A Modular Logic Analyzer For FPGAs

When working on a project, it’s incredibly helpful to be able to visualize the various signals in play. This is important when attempting to determine if what is supposed to be happening is actually happening. However, logic analyzers can be expensive, so a group from [Bruce Land]’s ECE5760 class developed their own hardware solution instead.

The primary idea behind the project is modularity. The basic building blocks of the logic analyser are coded in Verilog. They’re designed so that the number of channels and added functions can be mixed and match to suit the given purpose and the capabilities of the target FPGA platform. The team’s logic analyzer is also capable of decoding SPI and I2C in hardware, and has a graphical user interface running on an attached laptop for visualizing signals.

It’s a tidy build, and an excellent project to learn the fundamentals of both FPGA programming and the various communications protocols involved. [Bruce Land]’s classes are a hotbed of FPGA projects, from pokerbots to NES chiptune emulators. Video after the break.

4 thoughts on “A Modular Logic Analyzer For FPGAs

  1. Interesting but a lot of choices are puzzling:
    Hardware decoding: not terribly useful for spi and i2c as they are not terribly fast or complex. The only use case would be complex trigger (pattern/condition).
    GUI choice: why reinvent the wheel when you have sigrok?

    If there is somewhere you can innovate it’s trigger systems which are puny on most low cost analyzers.

  2. It makes sense to make your own independent projects. You can still contribute something later, if you think parts can be contributed.
    Improving only in big community projects can be frustrating, I think the people presenting the project do exactly the right thing. Have fun!

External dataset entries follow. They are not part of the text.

lemma l2_norm_le_of_partial_sums:
  assumes "\<And>N. (\<Sum>n<N. (cmod (x n))^2) \<le> c^2" and "c \<ge> 0"
  shows "x \<in> l2" and "l2_norm x \<le> c"
proof -
  have "summable (\<lambda>n. (cmod (x n))^2)" by (rule summableI_nonneg_bounded[OF _ assms(1)]) simp
  then show "x \<in> l2" and "l2_norm x \<le> c"
    unfolding in_l2_iff l2_norm_def
    using real_sqrt_le_mono[OF suminf_le_const[OF _ assms(1)]] \<open>c \<ge> 0\<close> by auto
qed

lemma coord_le_l2_norm: "x \<in> l2 \<Longrightarrow> cmod (x n) \<le> l2_norm x"
  using L2_set_le_l2_norm[of x "{n}"] by simp

lemma cauchy_schwarz_l2:
  assumes "x \<in> l2" "y \<in> l2"
  shows "(\<Sum>n. cmod (x n) * cmod (y n)) \<le> l2_norm x * l2_norm y"
proof (rule suminf_le_const[OF l2_summable_norm_mult[OF assms]])
  fix N
  have "(\<Sum>n<N. cmod (x n) * cmod (y n))
      \<le> L2_set (\<lambda>n. cmod (x n)) {..<N} * L2_set (\<lambda>n. cmod (y n)) {..<N}"
    using L2_set_mult_ineq[of "\<lambda>n. cmod (x n)" "\<lambda>n. cmod (y n)"] by simp
  also have "\<dots> \<le> l2_norm x * l2_norm y"
    using assms by (intro mult_mono L2_set_le_l2_norm) (auto simp: l2_norm_nonneg)
  finally show "(\<Sum>n<N. cmod (x n) * cmod (y n)) \<le> l2_norm x * l2_norm y" .
qed

lemma l2_norm_triangle:
  assumes "x \<in> l2" "y \<in> l2"
  shows "l2_norm (\<lambda>n. x n + y n) \<le> l2_norm x + l2_norm y"
proof (rule LIMSEQ_le_const2[OF L2_set_lessThan_tendsto_l2_norm[OF l2_add[OF assms]]],
    intro exI allI impI)
  fix N :: nat
  have "L2_set (\<lambda>n. cmod (x n + y n)) {..<N} \<le> L2_set (\<lambda>n. cmod (x n) + cmod (y n)) {..<N}"
    by (rule L2_set_mono) (auto intro: norm_triangle_ineq)
  also have "\<dots> \<le> L2_set (\<lambda>n. cmod (x n)) {..<N} + L2_set (\<lambda>n. cmod (y n)) {..<N}"
    by (rule L2_set_triangle_ineq)
  also have "\<dots> \<le> l2_norm x + l2_norm y"
    using assms by (intro add_mono L2_set_le_l2_norm) auto
  finally show "L2_set (\<lambda>n. cmod (x n + y n)) {..<N} \<le> l2_norm x + l2_norm y" .
qed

    The only thing I never like is when people want to “integrate you” (like the Borg — don’t reinvent the wheel) or it’s only about competition and replacing (Silicon Valley “disruption — I am better than you and will annihilate you, often with “younger” nonsense added). These mindsets take the fun out of any work.

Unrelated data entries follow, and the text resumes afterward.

lemma jeffreys_le_coupling_L2_dist:
  fixes p q :: "'b::euclidean_space \<Rightarrow> real" and X Y :: "'w \<Rightarrow> 'b"
  defines "P \<equiv> density lborel (\<lambda>x. ennreal (p x))" and "Q \<equiv> density lborel (\<lambda>x. ennreal (q x))"
  assumes p: "p \<in> borel_measurable borel" "\<And>x. p x > 0" "log_grad_bounded c1 c2 p"
    and q: "q \<in> borel_measurable borel" "\<And>x. q x > 0" "log_grad_bounded c1 c2 q"
    and PQ: "prob_space P" "prob_space Q" "integrable P (\<lambda>x. (norm x)\<^sup>2)" "integrable Q (\<lambda>x. (norm x)\<^sup>2)"
    and \<Gamma>: "prob_space \<Gamma>" and [measurable]: "X \<in> \<Gamma> \<rightarrow>\<^sub>M borel" "Y \<in> \<Gamma> \<rightarrow>\<^sub>M borel"
    and XY: "distr \<Gamma> borel X = P" "distr \<Gamma> borel Y = Q" "integrable \<Gamma> (\<lambda>\<omega>. (norm (X \<omega> - Y \<omega>))\<^sup>2)"
  shows "integrable lborel (\<lambda>x. (p x - q x) * (ln (p x) - ln (q x)))"
    and "jeffreys p q \<le> (c1 * (sqrt (\<integral>x. (norm x)\<^sup>2 \<partial>P) + sqrt (\<integral>x. (norm x)\<^sup>2 \<partial>Q)) + 2 * c2)
        * sqrt (\<integral>\<omega>. (norm (X \<omega> - Y \<omega>))\<^sup>2 \<partial>\<Gamma>)"
proof -
  interpret \<Gamma>: prob_space \<Gamma> by fact
  have c: "c1 \<ge> 0" "c2 \<ge> 0" using log_grad_bounded_nonneg[OF p(3)] by auto
  define F where "F x = log 2 (p x) - log 2 (q x)" for x
  have F_meas [measurable]: "F \<in> borel_measurable borel" unfolding F_def using p(1) q(1) by measurable
  have F_diff: "\<bar>F x - F y\<bar> \<le> (c1 * (norm x + norm y) + 2 * c2) * norm (x - y)" for x y
  proof -
    have "\<bar>F x - F y\<bar> \<le> 2 * ((c1 * (norm x + norm y) / 2 + c2) * norm (x - y))"
      using log_grad_bounded_log_diff_le[OF p(3), of x y] log_grad_bounded_log_diff_le[OF q(3), of x y]
      unfolding F_def by linarith
    also have "\<dots> = (c1 * (norm x + norm y) + 2 * c2) * norm (x - y)" by (simp add: field_simps)
    finally show ?thesis .
  qed
  have F_int: "integrable P F" "integrable Q F"
    using c PQ by (auto intro!: integrable_of_diff_le_growth[OF _ F_diff] prob_space.finite_measure
        simp: P_def Q_def)
  show "integrable lborel (\<lambda>x. (p x - q x) * (ln (p x) - ln (q x)))"
    using integrable_jeffreys_integrand[OF p(1,2) q(1,2)] F_int unfolding P_def Q_def F_def by blast
  have "jeffreys p q \<le> (\<integral>x. F x \<partial>P) - (\<integral>x. F x \<partial>Q)"
    using jeffreys_le_integral_log_ratio_diff[OF p(1,2) q(1,2)] F_int unfolding P_def Q_def F_def by blast
  also have "\<dots> = (\<integral>\<omega>. F (X \<omega>) \<partial>\<Gamma>) - (\<integral>\<omega>. F (Y \<omega>) \<partial>\<Gamma>)"
    using integral_distr[of X \<Gamma> borel F] integral_distr[of Y \<Gamma> borel F] XY(1,2) by simp
  also have "\<dots> \<le> (c1 * (sqrt (\<integral>\<omega>. (norm (X \<omega>))\<^sup>2 \<partial>\<Gamma>) + sqrt (\<integral>\<omega>. (norm (Y \<omega>))\<^sup>2 \<partial>\<Gamma>)) + 2 * c2)
        * sqrt (\<integral>\<omega>. (norm (X \<omega> - Y \<omega>))\<^sup>2 \<partial>\<Gamma>)"
  proof (rule \<Gamma>.integral_diff_le_of_diff_le[OF F_diff])
    have n2: "(\<lambda>x::'b. (norm x)\<^sup>2) \<in> borel_measurable borel" by measurable
    show "integrable \<Gamma> (\<lambda>\<omega>. F (X \<omega>))" "integrable \<Gamma> (\<lambda>\<omega>. F (Y \<omega>))"
      "integrable \<Gamma> (\<lambda>\<omega>. (norm (X \<omega>))\<^sup>2)" "integrable \<Gamma> (\<lambda>\<omega>. (norm (Y \<omega>))\<^sup>2)"
      using integrable_distr_eq[of X \<Gamma> borel, OF _ F_meas] integrable_distr_eq[of Y \<Gamma> borel, OF _ F_meas]
        integrable_distr_eq[of X \<Gamma> borel, OF _ n2] integrable_distr_eq[of Y \<Gamma> borel, OF _ n2]
        F_int PQ(3,4) XY(1,2) by simp_all
  qed (use c XY(3) in simp_all)
  also have "\<dots> = (c1 * (sqrt (\<integral>x. (norm x)\<^sup>2 \<partial>P) + sqrt (\<integral>x. (norm x)\<^sup>2 \<partial>Q)) + 2 * c2)
        * sqrt (\<integral>\<omega>. (norm (X \<omega> - Y \<omega>))\<^sup>2 \<partial>\<Gamma>)"
    using integral_distr[of X \<Gamma> borel "\<lambda>x. (norm x)\<^sup>2"] integral_distr[of Y \<Gamma> borel "\<lambda>x. (norm x)\<^sup>2"]
      XY(1,2) by simp
  finally show "jeffreys p q \<le> (c1 * (sqrt (\<integral>x. (norm x)\<^sup>2 \<partial>P) + sqrt (\<integral>x. (norm x)\<^sup>2 \<partial>Q)) + 2 * c2)
        * sqrt (\<integral>\<omega>. (norm (X \<omega> - Y \<omega>))\<^sup>2 \<partial>\<Gamma>)" .
qed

    But this is exactly the kind of projects that make sense. Learning something while you do it, finding new things, and doing it your own way.

    That’s what hacking is all about.

  3. For me, the most surprising thing about the article was that Professor Land is still teaching at least one class.

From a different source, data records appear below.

(* Let $q\ge1$, $N=2^q$, and let $B^{(1)}=(b_{i,j})_{i,j=1}^{N-1}$ be the symmetric Toeplitz matrix with $b_{i,i}=\frac{2N}3-1$, $b_{i,j}=\frac N6-1$ if $|i-j|=1$, and $b_{i,j}=-1$ if $|i-j|\ge2$. For $k=2,\dots,q$ define $B^{(k)}=R_kB^{(k-1)}R_k^T$, where $R_k:\mathbb R^{N/2^{k-2}-1}\to\mathbb R^{N/2^{k-1}-1}$ is $(R_k\nu)_i=\nu_{2i-1}+2\nu_{2i}+\nu_{2i+1}$. Let $D_{(k)}$ be the diagonal of $B^{(k)}$. Then $1\le\lambda_{\max}(D_{(k)}^{-1}B^{(k)})<3$ for all $1\le k\le q$.
   Context: $B^{(k)}$ has size $(N/2^{k-1}-1)\times(N/2^{k-1}-1)$; $R_k$ is $4$ times the standard full-weighting restriction operator. *)

theory Defs
  imports "Jordan_Normal_Form.Char_Poly"
begin

text \<open>Matrices are 0-indexed here: the paper's index i corresponds to i-1.\<close>

definition Bsize :: "nat \<Rightarrow> nat \<Rightarrow> nat" where
  "Bsize N k = N div 2 ^ (k - 1) - 1"

definition B1 :: "nat \<Rightarrow> real mat" where
  "B1 N = mat (N - 1) (N - 1) (\<lambda>(i, j).
      if i = j then 2 * real N / 3 - 1
      else if i = j + 1 \<or> j = i + 1 then real N / 6 - 1
      else -1)"

definition Rmat :: "nat \<Rightarrow> real mat" where
  "Rmat m = mat m (2 * m + 1) (\<lambda>(i, j).
      if j = 2 * i then 1
      else if j = 2 * i + 1 then 2
      else if j = 2 * i + 2 then 1
      else 0)"

text \<open>B^(k) for k >= 1 (the value at k = 0 is irrelevant).\<close>
fun Bmat :: "nat \<Rightarrow> nat \<Rightarrow> real mat" where
  "Bmat N 0 = B1 N"
| "Bmat N (Suc 0) = B1 N"
| "Bmat N (Suc (Suc k)) =
     Rmat (Bsize N (Suc (Suc k))) * Bmat N (Suc k) * transpose_mat (Rmat (Bsize N (Suc (Suc k))))"

definition diag_part :: "real mat \<Rightarrow> real mat" where
  "diag_part A = mat_diag (dim_row A) (\<lambda>i. A $$ (i, i))"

    It was 4-5 years ago that one of his undergraduate advisees (who had come to work for the company I was working for at the time) said that he was retiring… Apparently they were wrong or I’m remembering incorrectly.

    Prof. Land was one of the best professors I had during my undergraduate career, ECE 476 was one of the most valuable and useful courses I ever took. (Back in the day, the ECE department hadn’t yet added that trailing 0 to all of their course codes…)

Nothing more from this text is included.